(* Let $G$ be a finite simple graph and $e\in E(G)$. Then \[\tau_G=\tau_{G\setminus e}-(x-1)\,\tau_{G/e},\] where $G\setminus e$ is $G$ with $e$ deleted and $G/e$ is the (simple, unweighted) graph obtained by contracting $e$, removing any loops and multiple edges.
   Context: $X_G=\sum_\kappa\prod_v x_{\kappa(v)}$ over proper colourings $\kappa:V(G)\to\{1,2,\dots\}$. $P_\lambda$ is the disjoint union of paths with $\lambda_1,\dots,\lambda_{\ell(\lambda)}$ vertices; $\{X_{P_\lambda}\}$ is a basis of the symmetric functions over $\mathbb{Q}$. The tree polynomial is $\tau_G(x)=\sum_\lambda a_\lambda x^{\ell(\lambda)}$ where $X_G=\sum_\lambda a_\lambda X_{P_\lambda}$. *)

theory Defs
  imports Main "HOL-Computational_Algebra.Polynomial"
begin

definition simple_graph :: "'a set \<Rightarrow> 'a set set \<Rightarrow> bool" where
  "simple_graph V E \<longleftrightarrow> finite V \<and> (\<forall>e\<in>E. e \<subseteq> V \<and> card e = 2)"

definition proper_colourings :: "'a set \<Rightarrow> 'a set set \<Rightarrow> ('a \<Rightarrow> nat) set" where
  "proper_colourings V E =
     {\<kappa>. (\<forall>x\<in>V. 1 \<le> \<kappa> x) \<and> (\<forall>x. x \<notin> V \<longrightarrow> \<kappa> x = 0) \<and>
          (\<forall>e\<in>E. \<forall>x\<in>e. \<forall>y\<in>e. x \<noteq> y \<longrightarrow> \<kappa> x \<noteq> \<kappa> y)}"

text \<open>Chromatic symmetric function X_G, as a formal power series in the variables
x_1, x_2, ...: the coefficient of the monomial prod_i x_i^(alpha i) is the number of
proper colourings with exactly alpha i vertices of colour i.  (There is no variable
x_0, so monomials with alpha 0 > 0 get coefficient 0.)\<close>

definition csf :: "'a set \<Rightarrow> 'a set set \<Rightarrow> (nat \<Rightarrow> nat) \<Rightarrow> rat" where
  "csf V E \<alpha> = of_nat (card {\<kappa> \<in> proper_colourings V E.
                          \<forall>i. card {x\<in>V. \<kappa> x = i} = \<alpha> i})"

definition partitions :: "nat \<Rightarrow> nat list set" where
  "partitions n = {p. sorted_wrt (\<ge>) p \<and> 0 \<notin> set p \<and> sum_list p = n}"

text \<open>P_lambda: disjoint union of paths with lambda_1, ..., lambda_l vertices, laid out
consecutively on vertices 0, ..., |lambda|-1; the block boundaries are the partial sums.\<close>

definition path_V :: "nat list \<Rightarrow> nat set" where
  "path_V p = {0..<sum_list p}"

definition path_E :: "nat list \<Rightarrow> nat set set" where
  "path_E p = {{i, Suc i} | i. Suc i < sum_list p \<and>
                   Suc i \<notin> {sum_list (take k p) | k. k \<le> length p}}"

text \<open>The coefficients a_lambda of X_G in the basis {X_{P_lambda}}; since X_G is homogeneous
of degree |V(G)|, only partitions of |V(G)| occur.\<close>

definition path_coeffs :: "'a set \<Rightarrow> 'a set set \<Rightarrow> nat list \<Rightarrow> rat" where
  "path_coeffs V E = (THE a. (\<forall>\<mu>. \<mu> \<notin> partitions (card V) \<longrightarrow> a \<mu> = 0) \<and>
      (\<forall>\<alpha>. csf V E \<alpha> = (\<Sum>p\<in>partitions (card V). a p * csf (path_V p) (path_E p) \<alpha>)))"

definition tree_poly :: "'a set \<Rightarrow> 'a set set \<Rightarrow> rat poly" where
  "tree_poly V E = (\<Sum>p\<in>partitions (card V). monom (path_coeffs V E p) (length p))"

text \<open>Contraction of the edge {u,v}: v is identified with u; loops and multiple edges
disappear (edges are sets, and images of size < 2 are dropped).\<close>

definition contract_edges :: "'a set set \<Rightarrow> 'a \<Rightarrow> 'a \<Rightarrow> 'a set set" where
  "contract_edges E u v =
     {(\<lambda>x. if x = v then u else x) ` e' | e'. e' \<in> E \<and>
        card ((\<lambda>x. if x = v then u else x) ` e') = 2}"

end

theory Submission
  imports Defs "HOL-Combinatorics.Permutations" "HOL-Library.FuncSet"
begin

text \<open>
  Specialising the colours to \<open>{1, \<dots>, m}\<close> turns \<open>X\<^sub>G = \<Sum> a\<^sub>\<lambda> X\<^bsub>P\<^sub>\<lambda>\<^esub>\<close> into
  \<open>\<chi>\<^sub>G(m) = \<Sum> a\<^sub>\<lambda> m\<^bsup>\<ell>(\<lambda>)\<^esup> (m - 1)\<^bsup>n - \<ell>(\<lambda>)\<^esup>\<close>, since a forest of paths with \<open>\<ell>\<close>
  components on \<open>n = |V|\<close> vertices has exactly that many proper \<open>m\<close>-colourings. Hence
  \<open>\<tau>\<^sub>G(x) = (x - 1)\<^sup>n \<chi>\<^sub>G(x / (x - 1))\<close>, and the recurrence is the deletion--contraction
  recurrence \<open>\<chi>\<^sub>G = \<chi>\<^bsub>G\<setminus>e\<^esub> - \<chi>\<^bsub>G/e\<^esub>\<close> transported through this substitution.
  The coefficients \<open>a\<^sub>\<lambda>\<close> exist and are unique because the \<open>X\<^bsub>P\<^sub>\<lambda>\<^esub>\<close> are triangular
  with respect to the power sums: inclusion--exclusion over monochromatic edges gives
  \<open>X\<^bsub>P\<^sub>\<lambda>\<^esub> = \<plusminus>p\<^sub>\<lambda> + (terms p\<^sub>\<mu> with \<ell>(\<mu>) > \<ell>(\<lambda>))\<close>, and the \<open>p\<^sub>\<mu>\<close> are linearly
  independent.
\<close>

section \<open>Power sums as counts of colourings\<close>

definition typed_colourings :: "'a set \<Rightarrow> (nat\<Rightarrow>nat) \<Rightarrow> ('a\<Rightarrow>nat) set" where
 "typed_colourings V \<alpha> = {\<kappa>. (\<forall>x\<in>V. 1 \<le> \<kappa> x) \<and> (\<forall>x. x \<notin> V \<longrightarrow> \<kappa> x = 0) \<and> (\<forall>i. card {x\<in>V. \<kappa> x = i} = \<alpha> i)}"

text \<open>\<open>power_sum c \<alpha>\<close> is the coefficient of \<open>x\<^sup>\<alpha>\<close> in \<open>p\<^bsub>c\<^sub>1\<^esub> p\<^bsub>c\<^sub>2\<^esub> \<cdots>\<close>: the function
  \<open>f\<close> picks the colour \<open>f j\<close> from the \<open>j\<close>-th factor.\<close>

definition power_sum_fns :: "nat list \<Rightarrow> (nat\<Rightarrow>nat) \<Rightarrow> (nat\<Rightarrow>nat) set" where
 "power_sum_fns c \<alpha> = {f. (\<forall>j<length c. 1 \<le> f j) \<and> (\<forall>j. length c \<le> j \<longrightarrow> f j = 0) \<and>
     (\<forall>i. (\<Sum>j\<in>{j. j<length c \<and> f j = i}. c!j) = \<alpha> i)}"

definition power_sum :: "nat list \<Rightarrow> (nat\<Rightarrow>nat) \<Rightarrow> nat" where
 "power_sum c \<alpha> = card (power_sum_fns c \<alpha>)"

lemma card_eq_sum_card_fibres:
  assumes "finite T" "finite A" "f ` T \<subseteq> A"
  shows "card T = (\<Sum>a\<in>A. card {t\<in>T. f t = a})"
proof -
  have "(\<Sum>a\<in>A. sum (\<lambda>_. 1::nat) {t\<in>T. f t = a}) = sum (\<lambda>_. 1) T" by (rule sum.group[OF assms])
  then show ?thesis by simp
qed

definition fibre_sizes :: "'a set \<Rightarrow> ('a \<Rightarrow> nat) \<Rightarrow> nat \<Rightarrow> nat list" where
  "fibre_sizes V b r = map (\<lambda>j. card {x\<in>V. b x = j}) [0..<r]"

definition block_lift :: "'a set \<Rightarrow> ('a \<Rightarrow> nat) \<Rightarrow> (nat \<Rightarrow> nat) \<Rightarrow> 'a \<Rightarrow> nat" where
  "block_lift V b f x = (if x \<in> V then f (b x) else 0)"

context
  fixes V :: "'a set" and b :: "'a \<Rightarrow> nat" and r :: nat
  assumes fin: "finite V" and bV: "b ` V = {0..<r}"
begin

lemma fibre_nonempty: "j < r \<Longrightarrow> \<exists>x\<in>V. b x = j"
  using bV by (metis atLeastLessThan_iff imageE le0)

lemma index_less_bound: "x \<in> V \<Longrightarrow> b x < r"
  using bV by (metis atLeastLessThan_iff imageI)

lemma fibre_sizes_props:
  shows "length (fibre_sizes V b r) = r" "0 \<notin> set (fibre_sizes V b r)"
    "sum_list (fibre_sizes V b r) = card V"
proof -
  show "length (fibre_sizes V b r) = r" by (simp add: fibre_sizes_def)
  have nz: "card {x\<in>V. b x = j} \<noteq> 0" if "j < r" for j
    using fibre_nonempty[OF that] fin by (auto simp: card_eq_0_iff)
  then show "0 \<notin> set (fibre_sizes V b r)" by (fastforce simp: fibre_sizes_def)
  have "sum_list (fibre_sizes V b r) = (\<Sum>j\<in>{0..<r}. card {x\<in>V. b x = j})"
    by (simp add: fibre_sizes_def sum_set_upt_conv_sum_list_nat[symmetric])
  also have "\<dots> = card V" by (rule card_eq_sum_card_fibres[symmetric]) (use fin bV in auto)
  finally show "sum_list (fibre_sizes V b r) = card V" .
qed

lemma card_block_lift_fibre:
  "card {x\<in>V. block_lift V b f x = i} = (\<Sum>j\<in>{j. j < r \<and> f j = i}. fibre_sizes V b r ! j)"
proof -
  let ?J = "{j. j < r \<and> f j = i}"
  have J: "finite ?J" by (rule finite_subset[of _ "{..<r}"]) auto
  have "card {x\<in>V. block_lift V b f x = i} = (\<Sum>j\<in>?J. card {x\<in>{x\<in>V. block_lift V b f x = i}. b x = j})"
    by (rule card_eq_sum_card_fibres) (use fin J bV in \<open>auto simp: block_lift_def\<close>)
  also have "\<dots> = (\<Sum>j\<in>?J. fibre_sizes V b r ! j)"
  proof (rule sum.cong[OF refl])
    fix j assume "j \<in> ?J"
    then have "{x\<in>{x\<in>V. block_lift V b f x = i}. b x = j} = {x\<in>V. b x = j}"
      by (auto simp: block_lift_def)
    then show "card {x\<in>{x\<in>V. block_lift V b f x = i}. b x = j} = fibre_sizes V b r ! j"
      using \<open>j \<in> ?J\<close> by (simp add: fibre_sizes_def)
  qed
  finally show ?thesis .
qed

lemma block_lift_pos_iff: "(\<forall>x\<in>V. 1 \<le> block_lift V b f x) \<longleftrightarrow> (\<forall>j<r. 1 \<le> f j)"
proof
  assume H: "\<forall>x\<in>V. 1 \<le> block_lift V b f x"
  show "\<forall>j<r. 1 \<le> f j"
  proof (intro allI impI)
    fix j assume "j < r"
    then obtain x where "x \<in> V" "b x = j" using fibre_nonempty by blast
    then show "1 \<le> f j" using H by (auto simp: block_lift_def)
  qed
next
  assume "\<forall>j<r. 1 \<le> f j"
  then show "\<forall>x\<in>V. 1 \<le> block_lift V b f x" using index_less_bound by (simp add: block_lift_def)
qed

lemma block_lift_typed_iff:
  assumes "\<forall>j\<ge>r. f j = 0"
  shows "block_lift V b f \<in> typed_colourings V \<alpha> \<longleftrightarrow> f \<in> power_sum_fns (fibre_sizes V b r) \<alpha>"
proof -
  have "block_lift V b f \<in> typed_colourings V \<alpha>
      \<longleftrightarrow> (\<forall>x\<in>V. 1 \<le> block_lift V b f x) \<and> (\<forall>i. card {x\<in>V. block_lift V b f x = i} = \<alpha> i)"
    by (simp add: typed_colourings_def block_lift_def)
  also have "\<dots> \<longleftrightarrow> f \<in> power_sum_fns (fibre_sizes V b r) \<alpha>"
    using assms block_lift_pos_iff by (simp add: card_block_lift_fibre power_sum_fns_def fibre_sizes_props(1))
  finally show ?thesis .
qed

*REQUIRED ACTION*. The lines to return are those in the entries above that hold "sums".

*RESULT FOR THIS EXERCISE*.
consecutively on vertices 0, ..., |lambda|-1; the block boundaries are the partial sums.\<close>
  with respect to the power sums: inclusion--exclusion over monochromatic edges gives
section \<open>Power sums as counts of colourings\<close>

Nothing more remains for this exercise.